JP2565885B2 - Spatial pattern coding method - Google Patents

Description

DETAILED DESCRIPTION OF THE INVENTION (1) Technical Field of the Invention The present invention relates to a pattern projection method for measuring a three-dimensional shape of an object surface using a TV camera, in which measurement density, reliability,
The present invention relates to a spatial pattern coding method for enhancing simplicity.

(2) Conventional technology As a method of three-dimensionally measuring the surface shape of an object using a TV camera, the spot projection method, slit projection method,
And pattern projection. Among them, the pattern projection method can measure a large number of points with only one projection,
It is famous as a method that can reduce the measurement time.

This method uniquely associates the original pattern image with the projected pattern image, and calculates the three-dimensional distance distribution of the curved surface from the result based on the triangulation principle. It has the advantage of using only one image. Therefore, it is necessary to devise a method of matching.

In order to make a unique correspondence, it is indispensable to use a structured projection pattern and characterize the inside of the pattern to identify each part in the pattern. This characterization is called spatial pattern coding or spatial coding. Hereinafter, for simplicity, it will be abbreviated as coding.

This coding is further divided into pattern shape coding and gradation coding. As the former pattern shape coding, a method using a slit aperture width distribution and a method using an M-sequence code have been proposed, but they have problems in measurement density and measurement stability, and are not practical. The present application belongs to the latter gradation coding.

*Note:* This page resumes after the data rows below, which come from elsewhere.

(* Consider an arbitrary sequence of instances $\{\mathcal{I}_N\}$ of the non-binary voting game and an arbitrary sequence of strategy profiles $\{\Sigma_N\}_{N\ge1}$, and let $f^N$ be the excess expected vote share of $\Sigma_N$. (i) If $\liminf_{N\to\infty}\sqrt N f^N=+\infty$, then $\lim_{N\to\infty}A(\Sigma_N)=1$. (ii) If there exist a constant $\eta<0$ and an infinite set $\mathcal{N}\subseteq\mathbb{N}$ such that $\sqrt N f^N\le\eta$ for all $N\in\mathcal{N}$, then there exist constants $N_\eta>0$ and $c>0$ such that $A(\Sigma_N)\le1-c$ for all $N\in\mathcal{N}$ with $N>N_\eta$. (iii) If there exist a constant $\eta\ge0$ and an infinite set $\mathcal{N}\subseteq\mathbb{N}$ such that $\sqrt N f^N\le\eta$ for all $N\in\mathcal{N}$, and a constant $\psi>0$ such that $\mathrm{Var}(\sum_{n=1}^NX_n^N\mid W=w)\ge\psi N$ for all $N\in\mathcal{N}$ and all states $w$, then there exist constants $N_\eta>0$ and $c>0$ such that $A(\Sigma_N)\le1-c$ for all $N\in\mathcal{N}$ with $N>N_\eta$.
   Context: Non-binary voting game. $N$ agents each vote for $\mathbf{A}$ or $\mathbf{R}$. World state $W\in\{1,\dots,\mathcal{W}\}$ (unobserved), prior $P_w>0$. Conditional on $W$, each agent independently receives a signal $S_n\in\{1,\dots,M\}$ with $P_{mw}=\Pr[S_n=m\mid W=w]$, satisfying stochastic dominance. Threshold $\mu\in(0,1)$: $\mathbf{A}$ wins iff at least $\mu N$ agents vote $\mathbf{A}$, else $\mathbf{R}$. Agents have utilities $v_n$ on states $\times\{\mathbf{A},\mathbf{R}\}$ with values in $\{0,\dots,B\}$, $v_n(w,\mathbf{A})$ strictly increasing, $v_n(w,\mathbf{R})$ strictly decreasing in $w$. Constants $\alpha^{\mathbf{A}}_w$, $\alpha^{\mathbf{R}}_w=1-\alpha^{\mathbf{A}}_w$ independent of $N$: exactly $\lfloor\alpha^{\mathbf{R}}_wN\rfloor$ agents prefer $\mathbf{R}$ in state $w$; $\alpha^{\mathbf{A}}_w\ne\mu$. Informed majority decision in $w$: $\mathbf{A}$ if $\alpha^{\mathbf{A}}_w>\mu$, else $\mathbf{R}$. $\mathcal{L}=\{w:\alpha^{\mathbf{A}}_w<\mu\}$, $\mathcal{H}=\{w:\alpha^{\mathbf{A}}_w>\mu\}$, both nonempty. A sequence of instances: $\mathcal{I}_N$ has $N$ agents, all share $\mu$, $(P_w)$, $(P_{mw})$, $(\alpha^{\mathbf{A}}_w)$; utilities arbitrary. Strategy $(\beta_1,\dots,\beta_M)$: probability of voting $\mathbf{A}$ on each signal. $\lambda^{\mathbf{X}}_w(\Sigma)$: ex-ante probability that $\mathbf{X}$ wins in state $w$. Fidelity $A(\Sigma)=\sum_{w\in\mathcal{L}}P_w\lambda^{\mathbf{R}}_w(\Sigma)+\sum_{w\in\mathcal{H}}P_w\lambda^{\mathbf{A}}_w(\Sigma)$. For $\Sigma_N$, $X_n^N=1$ if agent $n$ votes $\mathbf{A}$, $0$ otherwise; $f^N_{w\mathbf{A}}=\frac1N\sum_nE[X_n^N\mid W=w]-\mu$, $f^N_{w\mathbf{R}}=\frac1N\sum_nE[1-X_n^N\mid W=w]-(1-\mu)$, and $f^N=\min\big(\min_{w\in\mathcal{H}}f^N_{w\mathbf{A}},\min_{w\in\mathcal{L}}f^N_{w\mathbf{R}}\big)$. *)

theory Defs
  imports "HOL-Probability.Probability"
begin

text \<open>States are 1..K, signals are 1..M, agents of instance N are 1..N.
  sig w : distribution of a signal given W = w (so pmf (sig w) m = P_{mw}).
  b n m : probability that agent n votes A upon signal m (strategy profile).
  A vote profile is a function x :: nat => bool (x n = True iff agent n votes A).\<close>

definition stoch_dom :: "nat \<Rightarrow> (nat \<Rightarrow> nat pmf) \<Rightarrow> bool" where
  "stoch_dom K sig \<longleftrightarrow>
     (\<forall>w\<in>{1..K}. \<forall>w'\<in>{1..K}. \<forall>k. w \<le> w' \<longrightarrow>
        measure_pmf.prob (sig w) {m. k \<le> m} \<le> measure_pmf.prob (sig w') {m. k \<le> m})"

definition votes :: "(nat \<Rightarrow> nat pmf) \<Rightarrow> (nat \<Rightarrow> nat \<Rightarrow> real) \<Rightarrow> nat \<Rightarrow> nat \<Rightarrow> (nat \<Rightarrow> bool) pmf" where
  "votes sig b N w = Pi_pmf {1..N} False (\<lambda>n. sig w \<bind> (\<lambda>m. bernoulli_pmf (b n m)))"

definition numA :: "nat \<Rightarrow> (nat \<Rightarrow> bool) \<Rightarrow> nat" where
  "numA N x = card {n\<in>{1..N}. x n}"

definition lamA :: "(nat \<Rightarrow> nat pmf) \<Rightarrow> (nat \<Rightarrow> nat \<Rightarrow> real) \<Rightarrow> real \<Rightarrow> nat \<Rightarrow> nat \<Rightarrow> real" where
  "lamA sig b mu N w = measure_pmf.prob (votes sig b N w) {x. mu * real N \<le> real (numA N x)}"

definition lamR :: "(nat \<Rightarrow> nat pmf) \<Rightarrow> (nat \<Rightarrow> nat \<Rightarrow> real) \<Rightarrow> real \<Rightarrow> nat \<Rightarrow> nat \<Rightarrow> real" where
  "lamR sig b mu N w = measure_pmf.prob (votes sig b N w) {x. \<not> (mu * real N \<le> real (numA N x))}"

definition Lset :: "nat \<Rightarrow> (nat \<Rightarrow> real) \<Rightarrow> real \<Rightarrow> nat set" where
  "Lset K alphaA mu = {w\<in>{1..K}. alphaA w < mu}"

definition Hset :: "nat \<Rightarrow> (nat \<Rightarrow> real) \<Rightarrow> real \<Rightarrow> nat set" where
  "Hset K alphaA mu = {w\<in>{1..K}. alphaA w > mu}"

definition fidelity :: "nat pmf \<Rightarrow> (nat \<Rightarrow> nat pmf) \<Rightarrow> (nat \<Rightarrow> nat \<Rightarrow> real) \<Rightarrow> real \<Rightarrow> (nat \<Rightarrow> real) \<Rightarrow> nat \<Rightarrow> nat \<Rightarrow> real" where
  "fidelity prior sig b mu alphaA K N =
     (\<Sum>w\<in>Lset K alphaA mu. pmf prior w * lamR sig b mu N w) +
     (\<Sum>w\<in>Hset K alphaA mu. pmf prior w * lamA sig b mu N w)"

definition fA :: "(nat \<Rightarrow> nat pmf) \<Rightarrow> (nat \<Rightarrow> nat \<Rightarrow> real) \<Rightarrow> real \<Rightarrow> nat \<Rightarrow> nat \<Rightarrow> real" where
  "fA sig b mu N w =
     (1 / real N) * (\<Sum>n\<in>{1..N}. measure_pmf.expectation (votes sig b N w) (\<lambda>x. if x n then 1 else 0)) - mu"

definition fR :: "(nat \<Rightarrow> nat pmf) \<Rightarrow> (nat \<Rightarrow> nat \<Rightarrow> real) \<Rightarrow> real \<Rightarrow> nat \<Rightarrow> nat \<Rightarrow> real" where
  "fR sig b mu N w =
     (1 / real N) * (\<Sum>n\<in>{1..N}. measure_pmf.expectation (votes sig b N w) (\<lambda>x. 1 - (if x n then 1 else 0))) - (1 - mu)"

definition excess :: "(nat \<Rightarrow> nat pmf) \<Rightarrow> (nat \<Rightarrow> nat \<Rightarrow> real) \<Rightarrow> real \<Rightarrow> (nat \<Rightarrow> real) \<Rightarrow> nat \<Rightarrow> nat \<Rightarrow> real" where
  "excess sig b mu alphaA K N =
     min (Min ((\<lambda>w. fA sig b mu N w) ` Hset K alphaA mu))
         (Min ((\<lambda>w. fR sig b mu N w) ` Lset K alphaA mu))"

definition vote_var :: "(nat \<Rightarrow> nat pmf) \<Rightarrow> (nat \<Rightarrow> nat \<Rightarrow> real) \<Rightarrow> nat \<Rightarrow> nat \<Rightarrow> real" where
  "vote_var sig b N w = measure_pmf.variance (votes sig b N w) (\<lambda>x. real (numA N x))"
definition vc :: "real \<Rightarrow> (real \<Rightarrow> complex) \<Rightarrow> complex \<Rightarrow> complex" where
  "vc l v z = (LINT x:{0..l}|lborel. v x * cfun (- \<i> * z * complex_of_real x))"

definition vs :: "real \<Rightarrow> (real \<Rightarrow> complex) \<Rightarrow> complex \<Rightarrow> complex" where
  "vs l v z = (LINT x:{0..l}|lborel. v x * sfun (- \<i> * z * complex_of_real x))"

definition vd :: "real \<Rightarrow> (real \<Rightarrow> complex) \<Rightarrow> complex \<Rightarrow> complex" where
  "vd l v z = (LINT x:{0..l}|lborel. v x * dfun (- \<i> * z * complex_of_real x))"

definition mfun :: "real \<Rightarrow> (real \<Rightarrow> complex) \<Rightarrow> complex \<Rightarrow> complex" where
  "mfun l v z = (LINT x:{0..l}|lborel. cnj (v x) *
      (LINT t:{0..x}|lborel. dfun (\<i> * z * complex_of_real (x - t)) * v t))"

definition exponential_type :: "(complex \<Rightarrow> complex) \<Rightarrow> bool" where
  "exponential_type f \<longleftrightarrow> (\<exists>A B. \<forall>z. cmod (f z) \<le> A * exp (B * cmod z))"

end
(* Let $\mathcal{M}$ be a Riemannian manifold with a retraction $R$, and for $x,y\in\mathcal{M}$, $r,t\in[0,1]$ let $c_r(t;x,y)=R_{q(r)}\big((1-t)R_{q(r)}^{-1}(x)+tR_{q(r)}^{-1}(y)\big)$ with $q(r)=R_x(rR_x^{-1}(y))$. Let $b_0,b_1,b_2,b_3\in\mathcal{M}$ and let $r_1:[0,1]\to[0,1]$, $r_{01},r_{12}:[0,1]^2\to[0,1]$ and $r_{012}:[0,1]^3\to[0,1]$ be smooth functions such that $$r_{01}(s,0)=0,\quad r_{12}(s,1)=1,\quad r_{012}(s,0,0)=0,\quad r_{012}(s,1,1)=1\qquad\text{for all } s\in[0,1].$$ Define $\beta_0(t)=c_0(t;b_0,b_1)$, $\beta_1(t)=c_{r_1(t)}(t;b_1,b_2)$, $\beta_2(t)=c_1(t;b_2,b_3)$, $\beta_{01}(s,t)=c_{r_{01}(s,t)}(s;\beta_0(t),\beta_1(t))$, $\beta_{12}(s,t)=c_{r_{12}(s,t)}(s;\beta_1(t),\beta_2(t))$, $\beta_{012}(u,s,t)=c_{r_{012}(u,s,t)}(u;\beta_{01}(s,t),\beta_{12}(s,t))$, and assume that all retractions and inverse retractions involved in these definitions are well-defined for all $u,s,t\in[0,1]$. Then: (a) $\beta_i(0)=b_i$, $\beta_i(1)=b_{i+1}$ ($i=0,1,2$); $\beta_{01}(0,t)=\beta_0(t)$, $\beta_{01}(1,t)=\beta_1(t)$, $\beta_{12}(0,t)=\beta_1(t)$, $\beta_{12}(1,t)=\beta_2(t)$, $\beta_{012}(0,s,t)=\beta_{01}(s,t)$, $\beta_{012}(1,s,t)=\beta_{12}(s,t)$ for all $s,t\in[0,1]$; (b) $\beta_{01}(s,0)=\beta_0(s)$, $\beta_{12}(s,1)=\beta_2(s)$, $\beta_{012}(s,0,0)=\beta_0(s)$ and $\beta_{012}(s,1,1)=\beta_2(s)$ for all $s\in[0,1]$; (c) the curve $\beta(t)=\beta_{012}(t,t,t)$ satisfies $\beta(0)=b_0$, $\beta(1)=b_3$, $$\dot\beta(0)=3\dot c_0(0;b_0,b_1)=3R_{b_0}^{-1}(b_1),\qquad \dot\beta(1)=3\dot c_1(1;b_2,b_3)=-3R_{b_3}^{-1}(b_2).$$
   Context: A retraction on $\mathcal{M}$ is a smooth map $R$ from an open subset of $T\mathcal{M}$ containing all zero tangent vectors into $\mathcal{M}$, written $R_x(v)=R(x,v)$, such that $R_x(0)=x$ and $\mathrm{D}R_x(0)$ is the identity of $T_x\mathcal{M}$; $R_x^{-1}$ denotes its local inverse near $0\in T_x\mathcal{M}$. A dot denotes differentiation with respect to the curve parameter. *)

theory Defs
  imports "HOL-Analysis.Analysis"
begin

definition smooth_open :: "'a::real_normed_vector set \<Rightarrow> ('a \<Rightarrow> 'b::real_normed_vector) \<Rightarrow> bool" where
  "smooth_open V f \<longleftrightarrow> open V \<and>
     (\<exists>F :: 'a list \<Rightarrow> 'a \<Rightarrow> 'b.
        (\<forall>x\<in>V. F [] x = f x) \<and>
        (\<forall>vs. continuous_on V (F vs) \<and>
              (\<forall>x\<in>V. (F vs has_derivative (\<lambda>v. F (v # vs) x)) (at x))))"

definition smooth_on :: "'a::real_normed_vector set \<Rightarrow> ('a \<Rightarrow> 'b::real_normed_vector) \<Rightarrow> bool" where
  "smooth_on S f \<longleftrightarrow>
     (\<forall>x\<in>S. \<exists>V g. x \<in> V \<and> smooth_open V g \<and> (\<forall>y\<in>S \<inter> V. g y = f y))"

definition embedded_submanifold :: "'a::euclidean_space set \<Rightarrow> bool" where
  "embedded_submanifold M \<longleftrightarrow>
     (\<forall>p\<in>M. \<exists>U V (\<phi>::'a \<Rightarrow> 'a) \<psi> L. open U \<and> p \<in> U \<and> open V \<and> subspace L \<and>
        smooth_open U \<phi> \<and> smooth_open V \<psi> \<and> \<phi> ` U = V \<and>
        (\<forall>x\<in>U. \<psi> (\<phi> x) = x) \<and> (\<forall>y\<in>V. \<phi> (\<psi> y) = y) \<and>
        \<phi> ` (M \<inter> U) = V \<inter> L)"

definition tangent_space :: "'a::euclidean_space set \<Rightarrow> 'a \<Rightarrow> 'a set" where
  "tangent_space M x = {v. \<exists>\<gamma> e. 0 < e \<and> smooth_on {-e<..<e} \<gamma> \<and> \<gamma> ` {-e<..<e} \<subseteq> M \<and>
       \<gamma> 0 = x \<and> (\<gamma> has_vector_derivative v) (at 0)}"

definition tangent_bundle :: "'a::euclidean_space set \<Rightarrow> ('a \<times> 'a) set" where
  "tangent_bundle M = Sigma M (tangent_space M)"

definition manifold_retraction :: "'a::euclidean_space set \<Rightarrow> ('a \<Rightarrow> 'a \<Rightarrow> 'a) \<Rightarrow> ('a \<times> 'a) set \<Rightarrow> bool" where
  "manifold_retraction M R DR \<longleftrightarrow>
     DR \<subseteq> tangent_bundle M \<and> openin (top_of_set (tangent_bundle M)) DR \<and>
     (\<forall>x\<in>M. (x, 0) \<in> DR) \<and>
     smooth_on DR (\<lambda>(x, v). R x v) \<and>
     (\<forall>(x, v)\<in>DR. R x v \<in> M) \<and>
     (\<forall>x\<in>M. R x 0 = x) \<and>
     (\<forall>x\<in>M. (R x has_derivative (\<lambda>v. v)) (at 0 within tangent_space M x))"
text \<open>If S is nonempty, its left stabiliser is proper: some b \<in> B maps an element of S
  to a nonzero multiple of z, which does not lie in span S.\<close>

lemma left_stabilizer_proper:
  assumes "S \<noteq> {}"
  shows "left_stabilizer (span S) \<noteq> UNIV"
proof
  assume stab: "left_stabilizer (span S) = UNIV"
  obtain s where s: "s \<in> S" using assms by blast
  have "s \<notin> span {z}"
    using span_singleton_inter_span[OF S(3,2) span_base[OF s]] s S(3)
    by (metis dependent_zero insert_iff)
  then obtain b where b: "b \<in> B" "mult b s \<noteq> 0"
    using s S_subset_B R1_line unfolding R1_def by blast
  have "mult b s \<in> span S" using stab s span_base unfolding left_stabilizer_def by blast
  then show False
    using span_singleton_inter_span[OF S(3,2)] B_maps_S_into_line s b by blast
qed

text \<open>If z, S spans R_2(B), the left stabiliser of span S supplements B: for any a, the
  z-components of a s (s \<in> S) are realised by some b \<in> B, and then a - b stabilises span S.\<close>

lemma left_stabilizer_supplements:
  assumes "finite S" "R2 mult B \<subseteq> span (insert z S)"
  shows "\<exists>b\<in>B. a - b \<in> left_stabilizer (span S)"
proof -
  have "\<exists>c. mult a s - scale c z \<in> span S" if "s \<in> S" for s
    using R2_left_invariant[OF ideal] S(1) assms(2) that span_breakdown_eq by blast
  then obtain c where c: "\<And>s. s \<in> S \<Longrightarrow> mult a s - scale (c s) z \<in> span S" by metis
  have "subspace B" using ideal unfolding ideal_def by blast
  moreover have "v \<in> span {z}" if "v \<in> B" "\<forall>b\<in>B. mult b v = 0" for v
    using that R1_line unfolding R1_def by blast
  ultimately obtain b where b: "b \<in> B" "\<forall>s\<in>S. mult b s = scale (c s) z"
    using realize_coefficients[of B z, OF _ _ assms(1) S_subset_B B_maps_S_into_line S(3,2)]
    by blast
  have "mult (a - b) u \<in> span S" if "u \<in> span S" for u
    using that
  proof (induction rule: span_induct)
    case base
    show ?case by (auto simp: subspace_def radd rsc span_add span_scale span_zero)
  next
    case (step s)
    then show ?case using c b by (simp add: ldiff)
  qed
  then show ?thesis using b(1) unfolding left_stabilizer_def by auto
qed

end

end

theorem mainTheorem16:
  fixes scale :: "'k::field \<Rightarrow> 'v::ab_group_add \<Rightarrow> 'v"
    and mult :: "'v \<Rightarrow> 'v \<Rightarrow> 'v"
    and B :: "'v set"
  assumes "leibniz_algebra scale mult"
    and "finite_dim scale"
    and "ideal scale mult B"
    and "nilpotent_sub scale mult B"
    and "vector_space.dim scale B \<ge> 2"
    and "vector_space.dim scale (R1 mult B) = 1"
  shows "\<not> B \<subseteq> frattini scale mult"
proof
  assume frattini: "B \<subseteq> frattini scale mult"
  interpret leibniz_alg scale mult using assms(1) by (rule leibniz_algebra_imp_locale)
  have subB: "subspace B" using assms(3) unfolding ideal_def by blast
  obtain z where z: "z \<noteq> 0" "R1 mult B = span {z}"
    using dim_one_imp_span_singleton[OF subspace_R1[OF subB] assms(6)] by blast
  have "\<not> B \<subseteq> span {z}"
  proof
    assume "B \<subseteq> span {z}"
    then have "B = R1 mult B" using z(2) unfolding R1_def by auto
    then show False using assms(5,6) by simp
  qed
  then obtain w where w: "w \<in> B" "w \<notin> span {z}" "\<And>b. b \<in> B \<Longrightarrow> mult b w \<in> span {z}"
    using nilpotent_element_into[OF ideal_imp_subalgebra[OF assms(3)] assms(4) span_zero]
    by blast
  have "z \<in> R2 mult B" using R1_subset_R2[OF subB] z(2) span_base by blast
  then obtain S where S: "finite S" "S \<subseteq> R2 mult B" "z \<notin> S" "independent (insert z S)"
    "R2 mult B \<subseteq> span (insert z S)"
    using extend_to_finite_basis[OF assms(2) _ z(1)] by blast
  have "w \<in> R2 mult B" using w z(2) unfolding R2_def by auto
  then have "S \<noteq> {}" using w(2) S(5) by auto
  define K where "K = left_stabilizer (span S)"
  have "K = UNIV"
    using frattini_supplement[OF assms(2) _ frattini] subalgebra_left_stabilizer[of "span S"]
      left_stabilizer_supplements[OF assms(3) z(2) S(2-4) S(1,5)]
    unfolding K_def by (simp add: subspace_span)
  with left_stabilizer_proper[OF assms(3) z(2) S(2-4) \<open>S \<noteq> {}\<close>] show False
    unfolding K_def by blast
qed

end
definition last_state :: "'a vass \<Rightarrow> 'a trans list \<Rightarrow> nat" where
  "last_state V ts = (if ts = [] then init V else tgt (last ts))"

definition is_run :: "nat \<Rightarrow> 'a vass \<Rightarrow> 'a list \<Rightarrow> 'a trans list \<Rightarrow> bool" where
  "is_run k V w ts \<longleftrightarrow> length ts = length w
     \<and> (\<forall>i < length ts. ts ! i \<in> delta V \<and> lbl (ts ! i) = w ! i
            \<and> src (ts ! i) = last_state V (take i ts))
     \<and> (\<forall>i \<le> length ts. \<forall>x \<in> set (counters k (take i ts)). x \<ge> 0)"

definition accepting_run :: "nat \<Rightarrow> 'a vass \<Rightarrow> 'a list \<Rightarrow> 'a trans list \<Rightarrow> bool" where
  "accepting_run k V w ts \<longleftrightarrow> is_run k V w ts \<and> last_state V ts \<in> final V"

definition lang :: "nat \<Rightarrow> 'a vass \<Rightarrow> 'a list set" where
  "lang k V = {w. \<exists>ts. accepting_run k V w ts}"

fun resolve :: "('a trans list \<Rightarrow> 'a \<Rightarrow> 'a trans) \<Rightarrow> 'a trans list \<Rightarrow> 'a list \<Rightarrow> 'a trans list" where
  "resolve r h [] = h"
| "resolve r h (a # w) = resolve r (h @ [r h a]) w"

definition is_resolver :: "nat \<Rightarrow> 'a vass \<Rightarrow> ('a trans list \<Rightarrow> 'a \<Rightarrow> 'a trans) \<Rightarrow> bool" where
  "is_resolver k V r \<longleftrightarrow>
     (\<forall>h a. r h a \<in> delta V \<and> lbl (r h a) = a)
     \<and> (\<forall>w \<in> lang k V. accepting_run k V w (resolve r [] w))"

definition history_deterministic :: "nat \<Rightarrow> 'a vass \<Rightarrow> bool" where
  "history_deterministic k V \<longleftrightarrow> (\<exists>r. is_resolver k V r)"

definition CN :: "nat \<Rightarrow> 'a list set set" where
  "CN k = {L. \<exists>V. is_vass k V \<and> lang k V = L}"

definition CH_k :: "nat \<Rightarrow> 'a list set set" where
  "CH_k k = {L. \<exists>V. is_vass k V \<and> history_deterministic k V \<and> lang k V = L}"

definition CH :: "'a list set set" where
  "CH = (\<Union>k \<in> {1..}. CH_k k)"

Heretofore, grayscale coding has been considered to be based on grayscale and color grayscale. Among them, the one based on gray scale is a coding that enables unique correspondence between a pattern original image and a pattern image by projecting a spatial pattern having many gray scales. This is an excellent method in principle. However, in an actual image, it is difficult to correctly identify many gradations due to noise in the image, variations in the reflectance of the object surface, blurring, etc. Usually, there are 3 gradations, and at most 4 or 5 at most. It is said that the degree of smoothness is the limit of discrimination.

There is a similar problem in the method using the color gradation instead of the gradation, and many gradations are used unless the target is an ideal non-measurement surface such as a white or light-colored uniform surface. Can not do it.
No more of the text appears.